About this exercise
Filter the entries down to the lines containing "False", and copy those lines.
--- Dataset entries Enclosed Below ---
text \<open>The power map has fibres of size at most \<open>(q - 1)/d\<close>, so its image has at least
  \<open>d\<close> elements.\<close>
lemma
  fixes d :: nat
  defines "q \<equiv> card (UNIV :: 'a::{field,finite} set)"
  assumes "d > 0" "d dvd q - 1"
  shows power_image_eq_roots_of_unity: "(\<lambda>x::'a. x ^ ((q - 1) div d)) ` (UNIV - {0}) = {z. z ^ d = 1}"
    and card_roots_of_unity: "card {z::'a. z ^ d = 1} = d"
proof -
  define e where "e = (q - 1) div d"
  have "card {0::'a, 1} \<le> q"
    unfolding q_def by (rule card_mono) auto
  moreover have qe: "q - 1 = d * e"
    using assms(3) by (simp add: e_def)
  ultimately have "e > 0"
    by (cases e) auto
  let ?h = "\<lambda>x::'a. x ^ e" and ?U = "UNIV - {0::'a}"
  have image_sub: "?h ` ?U \<subseteq> {z. z ^ d = 1}"
  proof
    fix y assume "y \<in> ?h ` ?U"
    then obtain x where "x \<noteq> 0" "y = x ^ e"
      by auto
    moreover have "(x ^ e) ^ d = x ^ (q - 1)"
      unfolding qe by (metis mult.commute power_mult)
    ultimately show "y \<in> {z. z ^ d = 1}"
      using power_card_UNIV_minus_one by (simp add: q_def)
  qed
  have "card {x\<in>?U. ?h x = y} \<le> e" for y
  proof -
    have "card {x\<in>?U. ?h x = y} \<le> card {x::'a. x ^ e = y}"
      by (intro card_mono) auto
    also have "\<dots> \<le> e"
      using \<open>e > 0\<close> by (rule card_power_eq_le)
    finally show ?thesis .
  qed
  then have "card ?U \<le> card (?h ` ?U) * e"
    by (intro card_le_card_image_mult) auto
  moreover have "card ?U = d * e"
    using qe by (simp add: q_def card_Diff_subset)
  ultimately have "d \<le> card (?h ` ?U)"
    using \<open>e > 0\<close> by simp
  moreover have "card (?h ` ?U) \<le> card {z::'a. z ^ d = 1}"
    using image_sub by (intro card_mono) auto
  moreover have "card {z::'a. z ^ d = 1} \<le> d"
    using card_power_eq_le assms(2) by blast
  ultimately have "card {z::'a. z ^ d = 1} = d" "card (?h ` ?U) = card {z::'a. z ^ d = 1}"
    by linarith+
  then show "card {z::'a. z ^ d = 1} = d" "?h ` ?U = {z. z ^ d = 1}"
    using card_subset_eq[OF _ image_sub] by auto
qed
lemma subst_image_toric_ideal_subset:
  assumes "\<And>a. a \<in> A \<Longrightarrow> f a \<in> B" and "\<And>a. a \<in> A \<Longrightarrow> f a = push g a"
  shows "subst (\<lambda>a. Var (f a)) ` toric_ideal A \<subseteq> (toric_ideal B :: (_ \<Rightarrow>\<^sub>0 'k::comm_ring_1) set)"
proof
  fix q :: "_ \<Rightarrow>\<^sub>0 'k" assume "q \<in> subst (\<lambda>a. Var (f a)) ` toric_ideal A"
  then obtain p where p: "p \<in> polyring A" "subst (\<lambda>a. Poly_Mapping.single a 1) p = 0"
    and q: "q = subst (\<lambda>a. Var (f a)) p"
    unfolding toric_ideal_def by blast
  have "q \<in> polyring B"
    unfolding q using p(1) by (rule polyring_subst) (simp add: polyring_Var assms(1))
  moreover have "subst (\<lambda>b. Poly_Mapping.single b 1) q = 0"
  proof -
    have "subst (\<lambda>b. Poly_Mapping.single b 1) q = subst (\<lambda>a. Poly_Mapping.single (f a) 1) p"
      by (simp add: q subst_comp subst_Var)
    also have "\<dots> = subst (\<lambda>a. subst (\<lambda>i. Var (g i)) (Poly_Mapping.single a 1)) p"
      using p(1) by (rule subst_cong_polyring) (simp add: subst_Var_single assms(2))
    also have "\<dots> = 0"
      by (simp add: p(2) flip: subst_comp)
    finally show ?thesis .
  qed
  ultimately show "q \<in> toric_ideal B"
    by (simp add: toric_ideal_def)
qed

lemma subst_Var_retraction:
  assumes "p \<in> polyring A" "\<And>a. a \<in> A \<Longrightarrow> f (s a) = a"
  shows "subst (\<lambda>b. Var (f b)) (subst (\<lambda>a. Var (s a)) p) = p"
proof -
  have "subst (\<lambda>b. Var (f b)) (subst (\<lambda>a. Var (s a)) p) = subst (\<lambda>a. Var (f (s a))) p"
    by (simp add: subst_comp subst_Var)
  also have "\<dots> = subst Var p"
    using assms by (intro subst_cong_polyring) auto
  finally show ?thesis by (simp add: subst_Var_id)
qed

lemma pi0_lookup:
  "Poly_Mapping.lookup (pi0 n k w) i = (if i \<in> {1..n} then (\<Sum>j\<in>{1..k i}. Poly_Mapping.lookup w (i,j)) else 0)"
proof -
  have "finite {i. (if i \<in> {1..n} then (\<Sum>j\<in>{1..k i}. Poly_Mapping.lookup w (i,j)) else 0) \<noteq> 0}"
    by (rule finite_subset[of _ "{1..n}"]) auto
  then show ?thesis unfolding pi0_def by simp
qed

lemma pi0_eq_push_fst:
  assumes "Poly_Mapping.keys w \<subseteq> alpha_index n k"
  shows "pi0 n k w = push fst w"
proof (rule poly_mapping_eqI)
  fix i
  show "Poly_Mapping.lookup (pi0 n k w) i = Poly_Mapping.lookup (push fst w) i"
  proof (cases "i \<in> {1..n}")
    case True
    have "(\<Sum>j\<in>{1..k i}. Poly_Mapping.lookup w (i,j)) = (\<Sum>v\<in>Pair i ` {1..k i}. Poly_Mapping.lookup w v)"
      by (simp add: sum.reindex inj_on_def)
    also have "\<dots> = (\<Sum>v\<in>Poly_Mapping.keys w \<inter> fst -` {i}. Poly_Mapping.lookup w v)"
      using assms by (intro sum.mono_neutral_right) (auto simp: in_keys_iff alpha_index_def)
    finally show ?thesis using True by (simp add: pi0_lookup lookup_push)
  next
    case False
    then have "Poly_Mapping.keys w \<inter> fst -` {i} = {}"
      using assms by (auto simp: alpha_index_def)
    then show ?thesis using False by (simp only: pi0_lookup if_False) (simp add: lookup_push)
  qed
qed
lemma pmat_anticommute_if_not_pcommute:
  assumes "\<not> pcommute n s t"
  shows "pmat n t * pmat n s = - (pmat n s * pmat n t)"
proof -
  have "pstring_comm_sign n s t = -1"
    using assms pstring_comm_sign_cases pcommute_iff_comm_sign by metis
  then show ?thesis
    by (intro eq_matI) (simp_all add: pmat_mult_swap[of n t s])
qed

lemma pcommute_pstring_mult_iff:
  "pcommute n a (pstring_mult n s t) \<longleftrightarrow> (pcommute n a s \<longleftrightarrow> pcommute n a t)"
proof -
  have "pstring_comm_sign n a (pstring_mult n s t) = pstring_comm_sign n a s * pstring_comm_sign n a t"
    unfolding pstring_comm_sign_def prod.distrib[symmetric]
    by (intro prod.cong) (simp_all add: pauli_comm_sign_mult)
  then show ?thesis
    using pstring_comm_sign_cases[of n a s] pstring_comm_sign_cases[of n a t]
    by (auto simp: pcommute_iff_comm_sign)
qed

lemma pstring_phase_if_not_pcommute:
  assumes "\<not> pcommute n s t"
  shows "pstring_phase n s t = \<i> \<or> pstring_phase n s t = - \<i>"
proof -
  have "pstring_phase n s t * pstring_phase n t s = 1"
    unfolding pstring_phase_def prod.distrib[symmetric] by (simp add: pauli_phase_mult_swap)
  moreover have "pstring_comm_sign n s t = -1"
    using assms pstring_comm_sign_cases pcommute_iff_comm_sign by metis
  ultimately have "(pstring_phase n s t)\<^sup>2 = \<i>\<^sup>2"
    by (simp add: pstring_phase_swap[of n t s] power2_eq_square minus_equation_iff)
  then show ?thesis
    using power2_eq_iff[of "pstring_phase n s t" \<i>] by simp
qed

lemma pstring_mult_in_pauli_strings:
  assumes "length s = n" "length t = n" "s \<noteq> t"
  shows "pstring_mult n s t \<in> pauli_strings n"
proof -
  obtain j where j: "j < n" "s ! j \<noteq> t ! j"
    using assms nth_equalityI by metis
  then have "pstring_mult n s t ! j \<noteq> PI"
    by (simp add: pauli_mult_eq_PI_iff)
  then show ?thesis
    using j nth_mem[of j "pstring_mult n s t"] by (auto simp: pauli_strings_def)
qed

lemma smult_mult_smult_mat:
  assumes "A \<in> carrier_mat nr m" "B \<in> carrier_mat m nc"
  shows "(a \<cdot>\<^sub>m A) * (b \<cdot>\<^sub>m B) = (a * b :: 'a :: comm_semiring_0) \<cdot>\<^sub>m (A * B)"
proof -
  have "(a \<cdot>\<^sub>m A) * (b \<cdot>\<^sub>m B) = a \<cdot>\<^sub>m (A * (b \<cdot>\<^sub>m B))"
    using assms by (intro mult_smult_assoc_mat) auto
  also have "\<dots> = a \<cdot>\<^sub>m (b \<cdot>\<^sub>m (A * B))"
    using assms by (simp add: mult_smult_distrib)
  also have "\<dots> = (a * b) \<cdot>\<^sub>m (A * B)"
    by (rule eq_matI) (auto simp: mult.assoc)
  finally show ?thesis .
qed

lemma pstring_mult_in_lie_algebra:
  assumes G_sub: "G \<subseteq> pauli_strings n"
    and lie: "\<forall>A \<in> lspan n G. \<forall>B \<in> lspan n G. A * B - B * A \<in> lspan n G"
    and complete: "\<forall>\<sigma> \<in> pauli_strings n. \<i> \<cdot>\<^sub>m pmat n \<sigma> \<in> lspan n G \<longrightarrow> \<sigma> \<in> G"
    and s: "s \<in> G" and t: "t \<in> G" and anti: "\<not> pcommute n s t"
  shows "pstring_mult n s t \<in> G"
proof -
  let ?c = "pstring_phase n s t" and ?R = "pmat n (pstring_mult n s t)"
  let ?A = "\<i> \<cdot>\<^sub>m pmat n s" and ?B = "\<i> \<cdot>\<^sub>m pmat n t"
  have ST: "pmat n s * pmat n t = ?c \<cdot>\<^sub>m ?R"
    by (rule pmat_mult)
  have TS: "pmat n t * pmat n s = - (?c \<cdot>\<^sub>m ?R)"
    using pmat_anticommute_if_not_pcommute[OF anti] unfolding ST .
  have "?A * ?B - ?B * ?A = (\<i> * \<i>) \<cdot>\<^sub>m (pmat n s * pmat n t) - (\<i> * \<i>) \<cdot>\<^sub>m (pmat n t * pmat n s)"
    by (simp only: smult_mult_smult_mat[OF pmat_carrier pmat_carrier])
  also have "\<dots> = (-2 * ?c) \<cdot>\<^sub>m ?R"
    unfolding ST TS by (rule eq_matI) auto
  finally have bracket: "?A * ?B - ?B * ?A = (-2 * ?c) \<cdot>\<^sub>m ?R" .
  define r :: real where "r = (if ?c = \<i> then -1/2 else 1/2)"
  have "\<i> \<cdot>\<^sub>m ?R = complex_of_real r \<cdot>\<^sub>m (?A * ?B - ?B * ?A)"
    unfolding bracket r_def using pstring_phase_if_not_pcommute[OF anti]
    by (intro eq_matI) auto
  moreover have "?A * ?B - ?B * ?A \<in> lspan n G"
    using lie lspan.gen[OF s] lspan.gen[OF t] by blast
  ultimately have "\<i> \<cdot>\<^sub>m ?R \<in> lspan n G"
    by (metis lspan.scale)
  moreover have "pstring_mult n s t \<in> pauli_strings n"
  proof (rule pstring_mult_in_pauli_strings)
    show "length s = n" "length t = n"
      using G_sub s t by (auto simp: pauli_strings_def)
    show "s \<noteq> t"
      using anti by (auto simp: pcommute_def)
  qed
  ultimately show ?thesis
    using complete by blast
qed

lemma rtrancl_subset_Id_Un_relcomp:
  assumes "E O E O E \<subseteq> E O E"
  shows "E\<^sup>* \<subseteq> Id \<union> E \<union> E O E"
proof (rule subrelI)
  fix a b assume "(a, b) \<in> E\<^sup>*"
  then show "(a, b) \<in> Id \<union> E \<union> E O E"
  proof (induction rule: rtrancl_induct)
    case (step y z)
    then show ?case using assms by blast
  qed simp
qed

lemma relcomp3_subset_relcomp2:
  assumes "sym E"
    and symdiff: "\<And>u v. (u, v) \<in> E \<Longrightarrow> \<exists>w. \<forall>x. (x, w) \<in> E \<longleftrightarrow> ((x, u) \<in> E \<longleftrightarrow> (x, v) \<notin> E)"
  shows "E O E O E \<subseteq> E O E"
proof (rule subrelI)
  fix a v3 assume "(a, v3) \<in> E O E O E"
  then obtain v1 v2 where av1: "(a, v1) \<in> E" and v12: "(v1, v2) \<in> E" and v23: "(v2, v3) \<in> E"
    by blast
  show "(a, v3) \<in> E O E"
  proof (cases "(a, v2) \<in> E \<or> (v1, v3) \<in> E")
    case True
    then show ?thesis using av1 v23 by blast
  next
    case False
    obtain w where w: "\<And>x. (x, w) \<in> E \<longleftrightarrow> ((x, v1) \<in> E \<longleftrightarrow> (x, v2) \<notin> E)"
      using symdiff[OF v12] by blast
    have "(v3, v1) \<notin> E" "(v3, v2) \<in> E"
      using False v23 \<open>sym E\<close> by (auto dest: symD)
    then have "(w, v3) \<in> E"
      using w[of v3] \<open>sym E\<close> by (blast dest: symD)
    moreover have "(a, w) \<in> E"
      using w[of a] False av1 by blast
    ultimately show ?thesis by blast
  qed
qed

lemma sym_frust_edges: "sym (frust_edges n G)"
  by (auto simp: sym_def frust_edges_def pcommute_commute)

lemma frust_edges_pstring_mult:
  assumes G_sub: "G \<subseteq> pauli_strings n"
    and lie: "\<forall>A \<in> lspan n G. \<forall>B \<in> lspan n G. A * B - B * A \<in> lspan n G"
    and complete: "\<forall>\<sigma> \<in> pauli_strings n. \<i> \<cdot>\<^sub>m pmat n \<sigma> \<in> lspan n G \<longrightarrow> \<sigma> \<in> G"
    and uv: "(u, v) \<in> frust_edges n G"
  shows "(x, pstring_mult n u v) \<in> frust_edges n G
           \<longleftrightarrow> ((x, u) \<in> frust_edges n G \<longleftrightarrow> (x, v) \<notin> frust_edges n G)"
proof -
  have "pstring_mult n u v \<in> G"
    using uv by (intro pstring_mult_in_lie_algebra[OF G_sub lie complete]) (auto simp: frust_edges_def)
  then show ?thesis
    using uv by (auto simp: frust_edges_def pcommute_pstring_mult_iff)
qed

theorem theoremC1:
  fixes n :: nat and G :: "pauli list set" and b1 b2 :: "pauli list"
  assumes G_sub: "G \<subseteq> pauli_strings n"
    and lie: "\<forall>A \<in> lspan n G. \<forall>B \<in> lspan n G. A * B - B * A \<in> lspan n G"
    and complete: "\<forall>\<sigma> \<in> pauli_strings n. \<i> \<cdot>\<^sub>m pmat n \<sigma> \<in> lspan n G \<longrightarrow> \<sigma> \<in> G"
    and b1: "b1 \<in> G" and b2: "b2 \<in> G" and ne: "b1 \<noteq> b2"
    and comm: "pcommute n b1 b2"
    and conn: "(b1, b2) \<in> (frust_edges n G)\<^sup>*"
  shows "\<exists>g \<in> G. \<not> pcommute n g b1 \<and> \<not> pcommute n g b2"
proof -
  let ?E = "frust_edges n G"
  have "\<exists>w. \<forall>x. (x, w) \<in> ?E \<longleftrightarrow> ((x, u) \<in> ?E \<longleftrightarrow> (x, v) \<notin> ?E)" if "(u, v) \<in> ?E" for u v
    using frust_edges_pstring_mult[OF G_sub lie complete that] by blast
  then have "?E O ?E O ?E \<subseteq> ?E O ?E"
    by (rule relcomp3_subset_relcomp2[OF sym_frust_edges])
  then have "(b1, b2) \<in> Id \<union> ?E \<union> ?E O ?E"
    using rtrancl_subset_Id_Un_relcomp conn by blast
  moreover have "(b1, b2) \<notin> ?E"
    using comm by (simp add: frust_edges_def)
  ultimately obtain g where "(b1, g) \<in> ?E" "(g, b2) \<in> ?E"
    using ne by blast
  then show ?thesis
    using pcommute_commute[of n g b1] by (auto simp: frust_edges_def)
qed

end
--- End of Enclosed Dataset entries ---
Result for this task
    case False
    then show ?thesis using False by (simp only: pi0_lookup if_False) (simp add: lookup_push)
    case False
      using False v23 \<open>sym E\<close> by (auto dest: symD)
      using w[of a] False av1 by blast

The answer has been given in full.